Supplied material >>
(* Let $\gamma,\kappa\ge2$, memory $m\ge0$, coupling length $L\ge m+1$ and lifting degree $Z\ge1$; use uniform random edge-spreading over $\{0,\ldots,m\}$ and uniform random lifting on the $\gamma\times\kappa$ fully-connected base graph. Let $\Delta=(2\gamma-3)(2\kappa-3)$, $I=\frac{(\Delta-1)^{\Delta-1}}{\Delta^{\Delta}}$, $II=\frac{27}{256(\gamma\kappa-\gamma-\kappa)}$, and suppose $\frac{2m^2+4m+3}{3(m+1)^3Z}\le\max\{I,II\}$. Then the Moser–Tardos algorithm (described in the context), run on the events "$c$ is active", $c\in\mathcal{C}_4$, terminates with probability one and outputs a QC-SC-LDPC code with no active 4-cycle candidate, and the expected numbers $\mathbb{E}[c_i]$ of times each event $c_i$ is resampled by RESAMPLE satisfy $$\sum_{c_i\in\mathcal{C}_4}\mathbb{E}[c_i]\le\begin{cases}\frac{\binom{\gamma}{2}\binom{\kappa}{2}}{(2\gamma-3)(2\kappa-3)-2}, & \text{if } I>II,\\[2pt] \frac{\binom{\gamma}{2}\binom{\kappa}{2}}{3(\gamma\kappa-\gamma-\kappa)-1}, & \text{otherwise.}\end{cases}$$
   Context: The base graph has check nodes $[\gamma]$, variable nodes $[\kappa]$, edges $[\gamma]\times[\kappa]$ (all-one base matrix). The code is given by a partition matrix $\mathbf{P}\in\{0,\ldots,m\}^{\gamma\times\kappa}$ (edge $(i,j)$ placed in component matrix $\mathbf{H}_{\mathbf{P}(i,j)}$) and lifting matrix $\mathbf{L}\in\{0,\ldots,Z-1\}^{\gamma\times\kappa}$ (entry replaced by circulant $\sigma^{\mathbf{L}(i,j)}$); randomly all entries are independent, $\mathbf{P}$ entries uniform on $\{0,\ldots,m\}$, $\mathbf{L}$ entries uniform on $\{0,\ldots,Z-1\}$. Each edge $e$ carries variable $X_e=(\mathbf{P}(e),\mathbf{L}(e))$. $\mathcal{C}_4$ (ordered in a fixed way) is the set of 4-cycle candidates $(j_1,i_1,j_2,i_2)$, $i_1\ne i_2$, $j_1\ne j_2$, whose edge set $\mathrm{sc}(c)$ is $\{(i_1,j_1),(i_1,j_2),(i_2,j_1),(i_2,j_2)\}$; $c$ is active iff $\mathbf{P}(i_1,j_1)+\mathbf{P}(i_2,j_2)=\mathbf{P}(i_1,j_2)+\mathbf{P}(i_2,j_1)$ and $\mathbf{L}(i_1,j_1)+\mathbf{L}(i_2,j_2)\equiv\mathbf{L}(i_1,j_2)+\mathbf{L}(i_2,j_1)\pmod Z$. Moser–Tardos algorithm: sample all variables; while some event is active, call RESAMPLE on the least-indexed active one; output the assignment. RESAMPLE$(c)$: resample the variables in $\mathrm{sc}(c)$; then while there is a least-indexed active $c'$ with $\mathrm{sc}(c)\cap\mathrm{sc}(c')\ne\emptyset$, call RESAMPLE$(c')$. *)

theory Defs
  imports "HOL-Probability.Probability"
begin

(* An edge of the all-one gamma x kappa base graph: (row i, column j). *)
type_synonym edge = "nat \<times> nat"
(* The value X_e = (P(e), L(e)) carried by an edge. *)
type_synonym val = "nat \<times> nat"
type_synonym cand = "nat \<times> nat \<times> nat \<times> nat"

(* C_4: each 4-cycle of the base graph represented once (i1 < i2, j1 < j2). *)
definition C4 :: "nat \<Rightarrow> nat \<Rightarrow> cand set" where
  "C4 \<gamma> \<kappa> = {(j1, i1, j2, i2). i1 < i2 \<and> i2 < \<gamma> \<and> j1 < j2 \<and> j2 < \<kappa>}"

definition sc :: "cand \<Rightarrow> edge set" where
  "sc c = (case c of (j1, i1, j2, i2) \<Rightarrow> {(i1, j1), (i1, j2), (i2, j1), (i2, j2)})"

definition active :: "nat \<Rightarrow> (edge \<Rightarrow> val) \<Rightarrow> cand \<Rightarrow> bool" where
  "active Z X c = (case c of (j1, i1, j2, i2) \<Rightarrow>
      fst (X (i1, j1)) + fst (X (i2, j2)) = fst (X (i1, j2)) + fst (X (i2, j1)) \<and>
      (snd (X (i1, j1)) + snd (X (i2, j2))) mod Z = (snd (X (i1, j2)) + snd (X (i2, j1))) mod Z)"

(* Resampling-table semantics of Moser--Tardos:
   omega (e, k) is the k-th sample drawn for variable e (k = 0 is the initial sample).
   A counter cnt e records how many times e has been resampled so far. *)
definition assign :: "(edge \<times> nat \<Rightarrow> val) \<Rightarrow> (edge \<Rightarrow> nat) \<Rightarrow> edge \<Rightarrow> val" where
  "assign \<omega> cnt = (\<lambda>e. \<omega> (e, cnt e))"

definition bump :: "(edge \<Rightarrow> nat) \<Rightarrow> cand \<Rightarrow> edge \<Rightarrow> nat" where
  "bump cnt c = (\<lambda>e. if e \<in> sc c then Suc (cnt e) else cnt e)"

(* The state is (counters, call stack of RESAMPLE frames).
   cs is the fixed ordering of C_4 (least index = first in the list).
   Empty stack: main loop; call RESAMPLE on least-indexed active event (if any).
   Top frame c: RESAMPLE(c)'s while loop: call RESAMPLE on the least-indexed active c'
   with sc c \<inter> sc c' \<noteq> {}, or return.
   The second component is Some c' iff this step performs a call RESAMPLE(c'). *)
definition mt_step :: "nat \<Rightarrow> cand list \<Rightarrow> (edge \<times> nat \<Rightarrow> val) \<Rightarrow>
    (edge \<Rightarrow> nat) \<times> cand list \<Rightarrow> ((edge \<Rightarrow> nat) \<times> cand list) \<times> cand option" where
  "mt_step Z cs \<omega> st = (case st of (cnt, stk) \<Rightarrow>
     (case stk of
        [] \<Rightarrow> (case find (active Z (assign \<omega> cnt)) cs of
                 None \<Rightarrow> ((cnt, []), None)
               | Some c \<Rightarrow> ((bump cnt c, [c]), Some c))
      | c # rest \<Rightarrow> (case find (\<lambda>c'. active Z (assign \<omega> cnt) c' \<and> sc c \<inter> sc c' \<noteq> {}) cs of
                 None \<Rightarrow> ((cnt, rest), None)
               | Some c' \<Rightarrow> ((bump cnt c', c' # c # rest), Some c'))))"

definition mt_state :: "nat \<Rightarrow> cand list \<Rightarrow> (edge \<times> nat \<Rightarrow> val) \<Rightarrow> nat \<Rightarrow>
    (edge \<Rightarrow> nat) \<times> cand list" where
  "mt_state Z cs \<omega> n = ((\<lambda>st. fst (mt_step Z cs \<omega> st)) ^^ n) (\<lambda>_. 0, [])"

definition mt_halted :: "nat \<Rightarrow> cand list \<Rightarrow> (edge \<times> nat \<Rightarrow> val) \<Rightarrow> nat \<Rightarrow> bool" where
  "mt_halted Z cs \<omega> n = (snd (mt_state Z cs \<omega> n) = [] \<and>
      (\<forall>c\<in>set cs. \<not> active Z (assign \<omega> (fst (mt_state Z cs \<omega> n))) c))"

==

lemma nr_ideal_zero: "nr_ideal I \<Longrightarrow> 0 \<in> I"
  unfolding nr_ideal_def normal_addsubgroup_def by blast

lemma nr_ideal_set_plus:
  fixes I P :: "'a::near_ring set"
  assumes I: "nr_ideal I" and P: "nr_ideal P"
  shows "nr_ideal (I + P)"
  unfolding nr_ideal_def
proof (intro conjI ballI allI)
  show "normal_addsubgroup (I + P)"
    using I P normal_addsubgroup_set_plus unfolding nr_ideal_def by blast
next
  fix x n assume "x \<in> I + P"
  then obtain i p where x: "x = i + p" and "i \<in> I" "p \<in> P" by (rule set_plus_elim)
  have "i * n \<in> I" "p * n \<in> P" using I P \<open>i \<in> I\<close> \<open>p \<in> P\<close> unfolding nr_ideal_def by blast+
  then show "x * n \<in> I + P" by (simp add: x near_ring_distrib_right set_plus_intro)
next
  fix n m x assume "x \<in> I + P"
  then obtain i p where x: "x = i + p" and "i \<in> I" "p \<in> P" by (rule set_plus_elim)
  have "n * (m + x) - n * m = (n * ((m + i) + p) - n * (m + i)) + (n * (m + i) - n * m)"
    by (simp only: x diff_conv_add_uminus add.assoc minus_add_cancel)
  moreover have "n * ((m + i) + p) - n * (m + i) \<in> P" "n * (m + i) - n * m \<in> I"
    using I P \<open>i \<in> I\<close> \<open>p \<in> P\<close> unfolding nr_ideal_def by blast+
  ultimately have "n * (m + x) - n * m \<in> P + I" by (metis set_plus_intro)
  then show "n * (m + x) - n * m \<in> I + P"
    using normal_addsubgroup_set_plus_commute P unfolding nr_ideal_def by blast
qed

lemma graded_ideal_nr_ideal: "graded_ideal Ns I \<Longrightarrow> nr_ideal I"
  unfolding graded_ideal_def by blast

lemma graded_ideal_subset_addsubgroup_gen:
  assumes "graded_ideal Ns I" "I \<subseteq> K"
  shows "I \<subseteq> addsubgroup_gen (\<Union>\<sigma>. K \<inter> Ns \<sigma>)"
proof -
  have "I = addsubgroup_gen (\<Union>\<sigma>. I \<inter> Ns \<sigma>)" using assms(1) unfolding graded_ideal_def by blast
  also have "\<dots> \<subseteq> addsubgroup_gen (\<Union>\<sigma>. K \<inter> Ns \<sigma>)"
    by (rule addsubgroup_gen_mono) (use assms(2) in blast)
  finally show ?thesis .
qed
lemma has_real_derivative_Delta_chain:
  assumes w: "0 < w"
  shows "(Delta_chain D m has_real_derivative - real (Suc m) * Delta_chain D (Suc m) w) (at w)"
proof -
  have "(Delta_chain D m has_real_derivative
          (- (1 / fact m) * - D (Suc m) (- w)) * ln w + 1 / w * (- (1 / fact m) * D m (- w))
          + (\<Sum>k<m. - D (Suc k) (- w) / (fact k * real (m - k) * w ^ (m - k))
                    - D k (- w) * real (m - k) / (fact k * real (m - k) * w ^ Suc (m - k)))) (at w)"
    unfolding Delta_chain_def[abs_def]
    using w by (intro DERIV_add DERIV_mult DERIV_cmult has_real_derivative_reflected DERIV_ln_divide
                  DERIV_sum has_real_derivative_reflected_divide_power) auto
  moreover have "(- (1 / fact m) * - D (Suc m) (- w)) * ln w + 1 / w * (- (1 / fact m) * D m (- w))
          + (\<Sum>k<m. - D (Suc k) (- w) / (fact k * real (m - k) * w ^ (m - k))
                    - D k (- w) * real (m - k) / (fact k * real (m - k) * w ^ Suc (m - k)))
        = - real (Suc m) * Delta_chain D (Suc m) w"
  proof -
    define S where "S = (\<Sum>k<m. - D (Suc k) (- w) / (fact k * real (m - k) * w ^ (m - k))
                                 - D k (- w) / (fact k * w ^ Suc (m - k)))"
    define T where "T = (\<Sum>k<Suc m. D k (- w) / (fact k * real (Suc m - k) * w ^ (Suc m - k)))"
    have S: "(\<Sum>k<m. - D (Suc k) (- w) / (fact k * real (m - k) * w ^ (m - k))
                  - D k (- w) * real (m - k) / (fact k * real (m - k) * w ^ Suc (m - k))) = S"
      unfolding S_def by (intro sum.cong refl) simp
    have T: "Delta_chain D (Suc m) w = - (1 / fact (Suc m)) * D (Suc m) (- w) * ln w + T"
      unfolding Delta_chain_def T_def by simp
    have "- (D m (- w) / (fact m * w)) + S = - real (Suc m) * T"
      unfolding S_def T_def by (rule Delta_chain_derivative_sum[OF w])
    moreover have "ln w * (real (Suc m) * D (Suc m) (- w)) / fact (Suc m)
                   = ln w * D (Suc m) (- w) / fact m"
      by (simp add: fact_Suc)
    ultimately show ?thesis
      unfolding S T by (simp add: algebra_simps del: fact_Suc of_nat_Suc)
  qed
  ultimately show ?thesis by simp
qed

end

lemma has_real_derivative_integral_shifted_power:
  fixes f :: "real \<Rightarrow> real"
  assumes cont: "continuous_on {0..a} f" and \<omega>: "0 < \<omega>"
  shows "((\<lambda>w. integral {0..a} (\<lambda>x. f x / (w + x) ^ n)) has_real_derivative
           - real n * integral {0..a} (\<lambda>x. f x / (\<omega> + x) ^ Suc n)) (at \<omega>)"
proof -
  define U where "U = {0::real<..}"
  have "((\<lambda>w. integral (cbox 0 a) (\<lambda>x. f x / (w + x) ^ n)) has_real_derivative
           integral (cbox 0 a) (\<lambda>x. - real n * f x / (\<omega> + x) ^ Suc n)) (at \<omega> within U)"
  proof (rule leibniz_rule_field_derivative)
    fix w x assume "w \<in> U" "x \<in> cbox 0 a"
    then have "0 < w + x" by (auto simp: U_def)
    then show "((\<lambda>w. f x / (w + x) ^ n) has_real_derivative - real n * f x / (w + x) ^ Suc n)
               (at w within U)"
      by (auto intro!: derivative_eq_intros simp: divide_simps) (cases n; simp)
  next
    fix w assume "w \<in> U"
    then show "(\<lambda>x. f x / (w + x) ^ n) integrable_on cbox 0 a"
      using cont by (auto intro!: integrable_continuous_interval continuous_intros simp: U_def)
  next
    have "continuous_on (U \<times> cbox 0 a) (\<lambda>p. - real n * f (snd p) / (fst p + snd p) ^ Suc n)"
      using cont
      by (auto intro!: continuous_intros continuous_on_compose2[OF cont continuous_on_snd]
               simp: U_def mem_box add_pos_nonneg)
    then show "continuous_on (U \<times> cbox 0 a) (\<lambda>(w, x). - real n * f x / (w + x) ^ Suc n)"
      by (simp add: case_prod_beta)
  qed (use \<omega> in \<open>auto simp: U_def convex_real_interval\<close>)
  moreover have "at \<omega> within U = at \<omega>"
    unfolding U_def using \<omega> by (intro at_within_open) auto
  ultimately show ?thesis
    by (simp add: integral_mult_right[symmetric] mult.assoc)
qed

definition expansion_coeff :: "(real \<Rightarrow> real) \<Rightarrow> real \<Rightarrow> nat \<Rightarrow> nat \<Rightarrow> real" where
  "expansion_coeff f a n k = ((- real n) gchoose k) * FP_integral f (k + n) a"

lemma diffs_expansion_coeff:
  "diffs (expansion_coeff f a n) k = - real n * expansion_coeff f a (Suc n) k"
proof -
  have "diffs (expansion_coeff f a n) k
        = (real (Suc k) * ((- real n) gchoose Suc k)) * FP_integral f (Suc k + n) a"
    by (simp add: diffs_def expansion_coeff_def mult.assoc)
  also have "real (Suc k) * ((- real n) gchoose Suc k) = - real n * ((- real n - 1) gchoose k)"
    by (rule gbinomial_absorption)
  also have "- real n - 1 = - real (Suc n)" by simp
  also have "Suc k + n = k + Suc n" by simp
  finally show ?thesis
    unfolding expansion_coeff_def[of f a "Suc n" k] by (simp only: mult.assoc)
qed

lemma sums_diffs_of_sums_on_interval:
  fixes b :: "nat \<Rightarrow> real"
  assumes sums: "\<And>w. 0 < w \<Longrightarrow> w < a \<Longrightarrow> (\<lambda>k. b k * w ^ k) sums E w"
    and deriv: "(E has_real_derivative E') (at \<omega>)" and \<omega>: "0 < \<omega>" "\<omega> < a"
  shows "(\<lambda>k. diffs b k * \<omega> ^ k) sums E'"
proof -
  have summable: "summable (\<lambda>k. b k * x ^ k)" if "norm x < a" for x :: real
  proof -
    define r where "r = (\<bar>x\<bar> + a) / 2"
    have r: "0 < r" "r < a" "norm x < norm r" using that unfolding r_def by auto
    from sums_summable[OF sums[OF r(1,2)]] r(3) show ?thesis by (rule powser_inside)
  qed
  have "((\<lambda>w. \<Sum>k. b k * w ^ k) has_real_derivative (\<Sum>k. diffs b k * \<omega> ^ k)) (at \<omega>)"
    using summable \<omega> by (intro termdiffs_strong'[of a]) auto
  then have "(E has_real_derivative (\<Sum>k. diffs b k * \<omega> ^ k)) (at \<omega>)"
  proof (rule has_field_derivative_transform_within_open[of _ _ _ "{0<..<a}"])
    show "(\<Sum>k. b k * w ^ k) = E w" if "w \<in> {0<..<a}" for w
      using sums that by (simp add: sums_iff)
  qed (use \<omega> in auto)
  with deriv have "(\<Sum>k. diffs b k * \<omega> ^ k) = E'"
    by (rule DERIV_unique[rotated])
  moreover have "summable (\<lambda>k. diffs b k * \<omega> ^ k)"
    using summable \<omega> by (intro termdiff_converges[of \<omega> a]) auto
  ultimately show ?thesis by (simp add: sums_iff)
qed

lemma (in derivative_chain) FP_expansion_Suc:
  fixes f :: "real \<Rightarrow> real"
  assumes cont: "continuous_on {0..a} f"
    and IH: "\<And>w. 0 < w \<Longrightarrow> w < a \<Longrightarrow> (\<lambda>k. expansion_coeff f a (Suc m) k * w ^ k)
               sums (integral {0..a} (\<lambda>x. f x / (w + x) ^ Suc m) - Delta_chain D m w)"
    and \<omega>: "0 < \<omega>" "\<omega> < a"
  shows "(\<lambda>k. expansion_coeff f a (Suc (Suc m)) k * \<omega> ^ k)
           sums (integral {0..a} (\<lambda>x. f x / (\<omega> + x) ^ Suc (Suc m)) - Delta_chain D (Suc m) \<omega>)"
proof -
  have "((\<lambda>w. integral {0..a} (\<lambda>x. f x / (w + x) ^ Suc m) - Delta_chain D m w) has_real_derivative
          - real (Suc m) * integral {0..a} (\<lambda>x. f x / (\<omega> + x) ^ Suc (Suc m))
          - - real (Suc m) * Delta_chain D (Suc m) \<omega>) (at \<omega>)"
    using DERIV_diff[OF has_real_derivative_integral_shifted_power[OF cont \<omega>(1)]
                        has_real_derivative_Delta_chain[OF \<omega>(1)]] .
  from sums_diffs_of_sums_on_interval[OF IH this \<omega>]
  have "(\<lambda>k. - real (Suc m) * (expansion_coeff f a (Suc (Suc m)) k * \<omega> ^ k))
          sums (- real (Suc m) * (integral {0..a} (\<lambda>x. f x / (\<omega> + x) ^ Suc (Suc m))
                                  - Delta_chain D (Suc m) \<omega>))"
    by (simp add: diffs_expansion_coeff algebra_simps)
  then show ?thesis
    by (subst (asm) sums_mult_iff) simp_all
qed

Task prompt >> Return every line in the records that includes the string "close".

Solution >>
  have "i * n \<in> I" "p * n \<in> P" using I P \<open>i \<in> I\<close> \<open>p \<in> P\<close> unfolding nr_ideal_def by blast+
    using I P \<open>i \<in> I\<close> \<open>p \<in> P\<close> unfolding nr_ideal_def by blast+
  qed (use \<omega> in \<open>auto simp: U_def convex_real_interval\<close>)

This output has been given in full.